- _Brief_
Which lines of the entries below hold the word "fixes"? Report each of them.

- _Source material_
lemma C1_differentiable_on_norm:
  fixes f :: "real \<Rightarrow> 'a::real_inner"
  assumes f: "f C1_differentiable_on S" and nz: "\<And>x. x \<in> S \<Longrightarrow> f x \<noteq> 0"
  shows "(\<lambda>x. norm (f x)) C1_differentiable_on S"
proof -
  have "(\<lambda>x. sqrt (f x \<bullet> f x)) C1_differentiable_on S"
    using nz
    by (intro C1_differentiable_on_compose_real[where g = sqrt and g' = "\<lambda>y. inverse (sqrt y) / 2"]
        C1_differentiable_on_bounded_bilinear[OF bounded_bilinear_inner f f])
      (auto intro!: DERIV_real_sqrt continuous_intros)
  then show ?thesis
    by (simp add: norm_eq_sqrt_inner)
qed

lemma C1_differentiable_on_imp_lipschitz:
  fixes f :: "real \<Rightarrow> 'a::real_normed_vector"
  assumes f: "f C1_differentiable_on S" and S: "compact S" "convex S"
  obtains L where "L-lipschitz_on S f"
proof -
  obtain f' where f': "\<And>x. x \<in> S \<Longrightarrow> (f has_vector_derivative f' x) (at x)" "continuous_on S f'"
    using f unfolding C1_differentiable_on_def by blast
  obtain B where B: "B > 0" "\<And>x. x \<in> S \<Longrightarrow> norm (f' x) \<le> B"
    using compact_imp_bounded[OF compact_continuous_image[OF f'(2) S(1)]]
    unfolding bounded_pos by blast
  have "B-lipschitz_on S f"
  proof (rule bounded_derivative_imp_lipschitz[OF _ S(2) _ less_imp_le[OF B(1)]])
    show "(f has_derivative (\<lambda>h. h *\<^sub>R f' x)) (at x within S)" if "x \<in> S" for x
      using f'(1)[OF that] by (simp add: has_vector_derivative_def has_derivative_at_withinI)
    show "onorm (\<lambda>h. h *\<^sub>R f' x) \<le> B" if "x \<in> S" for x
      using B(2)[OF that] by (simp add: onorm_scaleR_left[OF bounded_linear_ident] onorm_id)
  qed
  then show ?thesis ..
qed

lemma smooth_fn_has_vector_derivative:
  "smooth_fn f \<Longrightarrow> (f has_vector_derivative vderiv f x) (at x)"
  unfolding smooth_fn_def vderiv_def by (metis funpow_0 vector_derivative_works)

lemma smooth_fn_vderiv: "smooth_fn f \<Longrightarrow> smooth_fn (vderiv f)"
  unfolding smooth_fn_def by (metis comp_apply funpow_Suc_right)

lemma smooth_fn_C1_differentiable_on: "smooth_fn f \<Longrightarrow> f C1_differentiable_on S"
  unfolding C1_differentiable_on_def
  using smooth_fn_has_vector_derivative smooth_fn_has_vector_derivative[OF smooth_fn_vderiv]
  by (metis continuous_at_imp_continuous_on has_vector_derivative_continuous)

section \<open>Ruled sheets over a transversal curve\<close>

lemma uniform_linearization:
  fixes c :: "real \<Rightarrow> 'a::real_normed_vector"
  assumes c: "\<And>x. x \<in> S \<Longrightarrow> (c has_vector_derivative c' x) (at x)" "continuous_on S c'"
    and S: "compact S" "convex S" and \<theta>: "\<theta> > 0"
  obtains \<delta> where "\<delta> > 0"
    "\<And>s t. s \<in> S \<Longrightarrow> t \<in> S \<Longrightarrow> \<bar>s - t\<bar> < \<delta> \<Longrightarrow> norm (c s - c t - (s - t) *\<^sub>R c' t) \<le> \<theta> * \<bar>s - t\<bar>"
proof -
  obtain \<delta> where \<delta>: "\<delta> > 0" "\<And>x t. x \<in> S \<Longrightarrow> t \<in> S \<Longrightarrow> dist x t < \<delta> \<Longrightarrow> dist (c' x) (c' t) < \<theta>"
    using compact_uniformly_continuous[OF c(2) S(1)] \<theta> unfolding uniformly_continuous_on_def by metis
  have "norm (c s - c t - (s - t) *\<^sub>R c' t) \<le> \<theta> * \<bar>s - t\<bar>"
    if s: "s \<in> S" and t: "t \<in> S" and st: "\<bar>s - t\<bar> < \<delta>" for s t
  proof -
    have seg: "closed_segment t s \<subseteq> S"
      using S(2) s t by (simp add: closed_segment_subset)
    have "norm (c' x - c' t) \<le> \<theta>" if "x \<in> closed_segment t s" for x
    proof -
      have "dist x t < \<delta>"
        using that st by (auto simp: closed_segment_eq_real_ivl dist_real_def split: if_splits)
      then show ?thesis
        using \<delta>(2)[of x t] seg that t by (auto simp: dist_norm)
    qed
    then have "norm (c s - c t - (s - t) *\<^sub>R c' t) \<le> norm (s - t) * \<theta>"
      using seg c(1)
      by (intro vector_differentiable_bound_linearization[where S = "closed_segment t s"])
        (auto intro: has_vector_derivative_at_within)
    then show ?thesis
      by (simp add: mult.commute)
  qed
  with \<delta>(1) show ?thesis ..
qed

lemma compact_pairs_separated:
  fixes c :: "'a::topological_space \<Rightarrow> 'b::metric_space"
  assumes P: "compact P" "P \<subseteq> S \<times> S" and c: "continuous_on S c"
    and apart: "\<And>s t. (s, t) \<in> P \<Longrightarrow> c s \<noteq> c t"
  obtains \<eta> where "\<eta> > 0" "\<And>s t. (s, t) \<in> P \<Longrightarrow> \<eta> \<le> dist (c s) (c t)"
proof (cases "P = {}")
  case True
  then show ?thesis
    using that[of 1] by auto
next
  case False
  have "continuous_on P (\<lambda>p. dist (c (fst p)) (c (snd p)))"
    using P(2)
    by (intro continuous_intros continuous_on_compose2[OF c]) auto
  then obtain p0 where p0: "p0 \<in> P" "\<And>p. p \<in> P \<Longrightarrow> dist (c (fst p0)) (c (snd p0)) \<le> dist (c (fst p)) (c (snd p))"
    using continuous_attains_inf[OF P(1) False] by blast
  show ?thesis
  proof
    show "dist (c (fst p0)) (c (snd p0)) > 0"
      using apart[of "fst p0" "snd p0"] p0(1) by simp
    show "dist (c (fst p0)) (c (snd p0)) \<le> dist (c s) (c t)" if "(s, t) \<in> P" for s t
      using p0(2)[OF that] by simp
  qed
qed

lemma transversal_lower_bound:
  fixes e \<xi>1 \<xi>2 u :: "real \<Rightarrow> 'a::real_inner"
  assumes S: "compact S" and cont: "continuous_on S e" "continuous_on S u"
    and u: "\<And>t. t \<in> S \<Longrightarrow> e t \<bullet> u t \<noteq> 0" "\<And>t. t \<in> S \<Longrightarrow> \<xi>1 t \<bullet> u t = 0"
      "\<And>t. t \<in> S \<Longrightarrow> \<xi>2 t \<bullet> u t = 0"
  obtains m where "m > 0"
    "\<And>t a v w. t \<in> S \<Longrightarrow> m * \<bar>a\<bar> \<le> norm (a *\<^sub>R e t + v *\<^sub>R \<xi>1 t - w *\<^sub>R \<xi>2 t)"
proof -
  define f where "f t = \<bar>e t \<bullet> u t\<bar> / norm (u t)" for t
  have unz: "u t \<noteq> 0" if "t \<in> S" for t
    using u(1)[OF that] by auto
  obtain m where m: "m > 0" "\<And>t. t \<in> S \<Longrightarrow> m \<le> f t"
  proof (cases "S = {}")
    case True
    then show ?thesis
      using that[of 1] by auto
  next
    case False
    have "continuous_on S f"
      unfolding f_def using cont unz by (intro continuous_intros) auto
    then obtain t0 where "t0 \<in> S" "\<And>t. t \<in> S \<Longrightarrow> f t0 \<le> f t"
      using continuous_attains_inf[OF S False] by blast
    moreover have "f t0 > 0"
      using u(1) unz \<open>t0 \<in> S\<close> by (simp add: f_def)
    ultimately show ?thesis
      using that by blast
  qed
  have "m * \<bar>a\<bar> \<le> norm (a *\<^sub>R e t + v *\<^sub>R \<xi>1 t - w *\<^sub>R \<xi>2 t)" if t: "t \<in> S" for t a v w
  proof -
    let ?x = "a *\<^sub>R e t + v *\<^sub>R \<xi>1 t - w *\<^sub>R \<xi>2 t"
    have "\<bar>a\<bar> * \<bar>e t \<bullet> u t\<bar> = \<bar>?x \<bullet> u t\<bar>"
      using u(2,3)[OF t] by (simp add: inner_diff_left inner_add_left abs_mult)
    also have "\<dots> \<le> norm ?x * norm (u t)"
      by (rule Cauchy_Schwarz_ineq2)
    finally have "\<bar>a\<bar> * f t \<le> norm ?x"
      using unz[OF t] by (simp add: f_def divide_simps mult.commute)
    moreover have "m * \<bar>a\<bar> \<le> \<bar>a\<bar> * f t"
      using m(2)[OF t] by (metis abs_ge_zero mult.commute mult_left_mono)
    ultimately show ?thesis
      by linarith
  qed
  with m(1) show ?thesis
    using that by blast
qed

- _Answer section_
  fixes f :: "real \<Rightarrow> 'a::real_inner"
  fixes f :: "real \<Rightarrow> 'a::real_normed_vector"
  fixes c :: "real \<Rightarrow> 'a::real_normed_vector"
  fixes c :: "'a::topological_space \<Rightarrow> 'b::metric_space"
  fixes e \<xi>1 \<xi>2 u :: "real \<Rightarrow> 'a::real_inner"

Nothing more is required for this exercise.